- **Instructions to follow**: Scan the records for "real". Report each line that includes it.

- **Given information**:
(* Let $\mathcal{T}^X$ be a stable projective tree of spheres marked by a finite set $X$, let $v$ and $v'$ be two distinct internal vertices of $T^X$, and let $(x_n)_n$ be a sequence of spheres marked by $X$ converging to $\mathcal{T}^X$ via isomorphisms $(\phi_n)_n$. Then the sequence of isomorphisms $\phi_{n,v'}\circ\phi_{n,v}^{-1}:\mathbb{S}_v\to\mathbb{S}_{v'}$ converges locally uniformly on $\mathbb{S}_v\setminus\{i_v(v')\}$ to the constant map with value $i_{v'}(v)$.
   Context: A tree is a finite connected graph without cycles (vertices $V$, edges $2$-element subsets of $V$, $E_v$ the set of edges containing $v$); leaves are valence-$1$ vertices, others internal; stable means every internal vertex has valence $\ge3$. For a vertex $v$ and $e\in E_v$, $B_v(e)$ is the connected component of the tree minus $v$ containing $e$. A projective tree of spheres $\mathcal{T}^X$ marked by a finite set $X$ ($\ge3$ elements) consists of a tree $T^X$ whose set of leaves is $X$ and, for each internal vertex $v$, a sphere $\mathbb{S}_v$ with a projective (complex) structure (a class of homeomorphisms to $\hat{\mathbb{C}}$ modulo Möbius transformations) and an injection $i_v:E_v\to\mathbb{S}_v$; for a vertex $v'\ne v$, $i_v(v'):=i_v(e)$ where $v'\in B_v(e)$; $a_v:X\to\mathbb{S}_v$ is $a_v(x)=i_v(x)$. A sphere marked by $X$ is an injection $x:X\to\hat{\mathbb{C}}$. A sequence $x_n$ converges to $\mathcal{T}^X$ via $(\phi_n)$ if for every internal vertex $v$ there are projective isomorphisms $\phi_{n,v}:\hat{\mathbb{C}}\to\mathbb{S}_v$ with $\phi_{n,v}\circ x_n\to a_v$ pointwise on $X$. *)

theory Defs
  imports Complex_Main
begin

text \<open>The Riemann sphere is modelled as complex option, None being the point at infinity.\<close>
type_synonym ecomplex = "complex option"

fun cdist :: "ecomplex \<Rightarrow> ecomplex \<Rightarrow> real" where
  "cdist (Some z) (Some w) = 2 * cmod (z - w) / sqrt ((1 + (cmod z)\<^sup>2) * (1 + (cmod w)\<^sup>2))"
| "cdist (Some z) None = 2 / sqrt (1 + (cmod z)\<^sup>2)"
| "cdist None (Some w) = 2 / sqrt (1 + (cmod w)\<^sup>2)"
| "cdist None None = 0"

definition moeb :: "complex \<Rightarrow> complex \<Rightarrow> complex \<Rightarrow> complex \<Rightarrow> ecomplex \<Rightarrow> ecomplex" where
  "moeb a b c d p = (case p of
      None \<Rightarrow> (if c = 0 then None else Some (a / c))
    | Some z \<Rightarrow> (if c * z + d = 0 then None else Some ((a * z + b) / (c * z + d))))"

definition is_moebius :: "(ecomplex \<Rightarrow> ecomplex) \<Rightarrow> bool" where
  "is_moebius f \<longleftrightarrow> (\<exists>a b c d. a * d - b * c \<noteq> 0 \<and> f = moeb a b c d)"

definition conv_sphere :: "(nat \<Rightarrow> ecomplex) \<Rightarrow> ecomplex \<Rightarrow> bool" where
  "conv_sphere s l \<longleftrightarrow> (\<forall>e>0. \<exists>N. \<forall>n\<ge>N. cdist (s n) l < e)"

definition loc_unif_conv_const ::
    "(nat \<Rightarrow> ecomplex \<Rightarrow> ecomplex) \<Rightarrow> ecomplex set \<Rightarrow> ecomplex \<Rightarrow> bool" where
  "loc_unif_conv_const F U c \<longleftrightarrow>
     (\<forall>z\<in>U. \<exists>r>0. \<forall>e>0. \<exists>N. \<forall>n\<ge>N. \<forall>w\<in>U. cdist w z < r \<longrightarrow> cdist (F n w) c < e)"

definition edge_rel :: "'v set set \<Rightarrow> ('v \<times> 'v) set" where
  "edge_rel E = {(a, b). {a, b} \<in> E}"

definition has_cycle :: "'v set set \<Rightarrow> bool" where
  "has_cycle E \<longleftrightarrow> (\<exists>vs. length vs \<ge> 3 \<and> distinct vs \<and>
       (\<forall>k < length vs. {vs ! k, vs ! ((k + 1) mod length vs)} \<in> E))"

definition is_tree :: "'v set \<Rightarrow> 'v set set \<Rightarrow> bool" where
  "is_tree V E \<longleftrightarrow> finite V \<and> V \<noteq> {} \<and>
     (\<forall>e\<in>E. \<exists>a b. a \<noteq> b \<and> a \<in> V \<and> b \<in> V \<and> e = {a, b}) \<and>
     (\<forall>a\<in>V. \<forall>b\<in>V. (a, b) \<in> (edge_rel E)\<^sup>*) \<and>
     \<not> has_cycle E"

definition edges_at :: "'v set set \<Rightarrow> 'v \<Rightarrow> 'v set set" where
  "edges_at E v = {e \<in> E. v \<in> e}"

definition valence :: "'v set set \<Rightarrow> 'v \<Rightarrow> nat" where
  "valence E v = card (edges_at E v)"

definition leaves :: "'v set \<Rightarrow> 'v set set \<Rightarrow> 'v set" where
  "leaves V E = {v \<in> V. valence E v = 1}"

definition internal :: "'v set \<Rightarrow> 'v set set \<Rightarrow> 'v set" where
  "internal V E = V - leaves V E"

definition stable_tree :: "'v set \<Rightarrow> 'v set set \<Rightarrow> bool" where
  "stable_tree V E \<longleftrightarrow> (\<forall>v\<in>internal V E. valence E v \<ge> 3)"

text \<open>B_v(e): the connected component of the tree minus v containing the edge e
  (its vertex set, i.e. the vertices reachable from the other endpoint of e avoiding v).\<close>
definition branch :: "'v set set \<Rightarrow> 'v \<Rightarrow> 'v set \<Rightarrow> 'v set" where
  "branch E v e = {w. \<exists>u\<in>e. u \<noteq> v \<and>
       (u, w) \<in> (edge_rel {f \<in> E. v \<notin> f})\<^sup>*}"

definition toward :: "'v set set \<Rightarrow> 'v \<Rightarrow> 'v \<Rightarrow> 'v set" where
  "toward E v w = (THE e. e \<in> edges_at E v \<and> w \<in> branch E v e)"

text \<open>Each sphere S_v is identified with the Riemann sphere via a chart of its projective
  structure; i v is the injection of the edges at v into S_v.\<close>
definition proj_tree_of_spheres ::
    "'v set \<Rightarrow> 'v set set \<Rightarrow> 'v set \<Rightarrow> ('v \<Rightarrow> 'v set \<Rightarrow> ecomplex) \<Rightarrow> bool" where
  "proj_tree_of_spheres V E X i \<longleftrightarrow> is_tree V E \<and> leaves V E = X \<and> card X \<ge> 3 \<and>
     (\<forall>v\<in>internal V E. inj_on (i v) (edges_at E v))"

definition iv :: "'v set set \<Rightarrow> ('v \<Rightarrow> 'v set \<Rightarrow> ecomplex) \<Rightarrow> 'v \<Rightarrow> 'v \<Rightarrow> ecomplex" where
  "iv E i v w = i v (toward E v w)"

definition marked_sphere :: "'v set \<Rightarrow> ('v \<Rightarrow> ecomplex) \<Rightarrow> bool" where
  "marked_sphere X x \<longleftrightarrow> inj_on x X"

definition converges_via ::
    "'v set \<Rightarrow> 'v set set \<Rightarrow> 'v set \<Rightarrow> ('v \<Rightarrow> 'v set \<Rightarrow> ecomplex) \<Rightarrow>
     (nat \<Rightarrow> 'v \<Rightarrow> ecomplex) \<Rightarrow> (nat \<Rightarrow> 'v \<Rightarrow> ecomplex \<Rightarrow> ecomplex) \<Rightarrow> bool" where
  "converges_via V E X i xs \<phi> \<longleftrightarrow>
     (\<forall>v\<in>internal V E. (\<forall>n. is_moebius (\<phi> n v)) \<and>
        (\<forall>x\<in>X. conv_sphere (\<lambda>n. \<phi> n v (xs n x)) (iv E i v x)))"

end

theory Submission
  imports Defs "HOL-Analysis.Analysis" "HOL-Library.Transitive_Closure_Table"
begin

...

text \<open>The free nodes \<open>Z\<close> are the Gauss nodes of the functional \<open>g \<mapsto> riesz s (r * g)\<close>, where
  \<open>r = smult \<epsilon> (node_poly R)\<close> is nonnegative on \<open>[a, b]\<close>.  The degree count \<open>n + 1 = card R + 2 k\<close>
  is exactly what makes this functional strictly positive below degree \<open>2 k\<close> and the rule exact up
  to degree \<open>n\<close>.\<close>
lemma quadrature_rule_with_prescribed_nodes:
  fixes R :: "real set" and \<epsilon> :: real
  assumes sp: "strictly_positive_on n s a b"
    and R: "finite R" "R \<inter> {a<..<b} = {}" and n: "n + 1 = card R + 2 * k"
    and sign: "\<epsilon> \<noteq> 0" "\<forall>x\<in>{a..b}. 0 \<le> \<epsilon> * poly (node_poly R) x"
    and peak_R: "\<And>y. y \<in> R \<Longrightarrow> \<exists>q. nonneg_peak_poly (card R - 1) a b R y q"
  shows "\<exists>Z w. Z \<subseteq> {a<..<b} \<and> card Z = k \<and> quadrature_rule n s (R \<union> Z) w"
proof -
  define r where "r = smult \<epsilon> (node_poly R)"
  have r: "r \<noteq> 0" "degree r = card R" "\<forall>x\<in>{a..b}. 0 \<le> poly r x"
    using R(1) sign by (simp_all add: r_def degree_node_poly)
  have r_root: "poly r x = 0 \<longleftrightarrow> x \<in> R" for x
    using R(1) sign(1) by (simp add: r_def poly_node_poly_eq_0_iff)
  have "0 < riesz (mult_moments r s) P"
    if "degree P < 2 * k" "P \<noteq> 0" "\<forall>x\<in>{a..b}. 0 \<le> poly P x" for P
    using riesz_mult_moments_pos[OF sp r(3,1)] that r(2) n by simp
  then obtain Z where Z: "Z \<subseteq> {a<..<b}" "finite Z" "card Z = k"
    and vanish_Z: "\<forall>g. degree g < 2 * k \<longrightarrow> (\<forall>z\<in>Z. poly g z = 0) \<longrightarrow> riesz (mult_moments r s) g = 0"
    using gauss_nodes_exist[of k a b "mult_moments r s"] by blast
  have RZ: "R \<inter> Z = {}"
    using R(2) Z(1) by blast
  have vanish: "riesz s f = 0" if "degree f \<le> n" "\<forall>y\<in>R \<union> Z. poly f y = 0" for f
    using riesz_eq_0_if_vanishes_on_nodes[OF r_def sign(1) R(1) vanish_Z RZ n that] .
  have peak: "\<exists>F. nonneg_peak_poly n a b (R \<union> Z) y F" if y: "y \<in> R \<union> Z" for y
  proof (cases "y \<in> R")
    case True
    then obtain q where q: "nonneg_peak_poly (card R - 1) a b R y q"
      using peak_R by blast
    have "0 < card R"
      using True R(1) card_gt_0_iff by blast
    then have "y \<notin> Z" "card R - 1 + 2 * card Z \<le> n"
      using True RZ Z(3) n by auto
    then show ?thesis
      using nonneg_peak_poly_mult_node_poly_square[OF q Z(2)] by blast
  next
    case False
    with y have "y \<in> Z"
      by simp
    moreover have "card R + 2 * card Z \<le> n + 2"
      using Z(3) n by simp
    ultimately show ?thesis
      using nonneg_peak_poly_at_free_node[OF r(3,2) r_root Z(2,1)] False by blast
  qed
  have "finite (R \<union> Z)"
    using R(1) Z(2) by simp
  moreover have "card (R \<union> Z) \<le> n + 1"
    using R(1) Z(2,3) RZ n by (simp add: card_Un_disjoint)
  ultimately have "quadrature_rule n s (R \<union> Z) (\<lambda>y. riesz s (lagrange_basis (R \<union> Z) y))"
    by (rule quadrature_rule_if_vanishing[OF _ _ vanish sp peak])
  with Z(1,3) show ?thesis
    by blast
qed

- **Task result**:
fun cdist :: "ecomplex \<Rightarrow> ecomplex \<Rightarrow> real" where
  fixes R :: "real set" and \<epsilon> :: real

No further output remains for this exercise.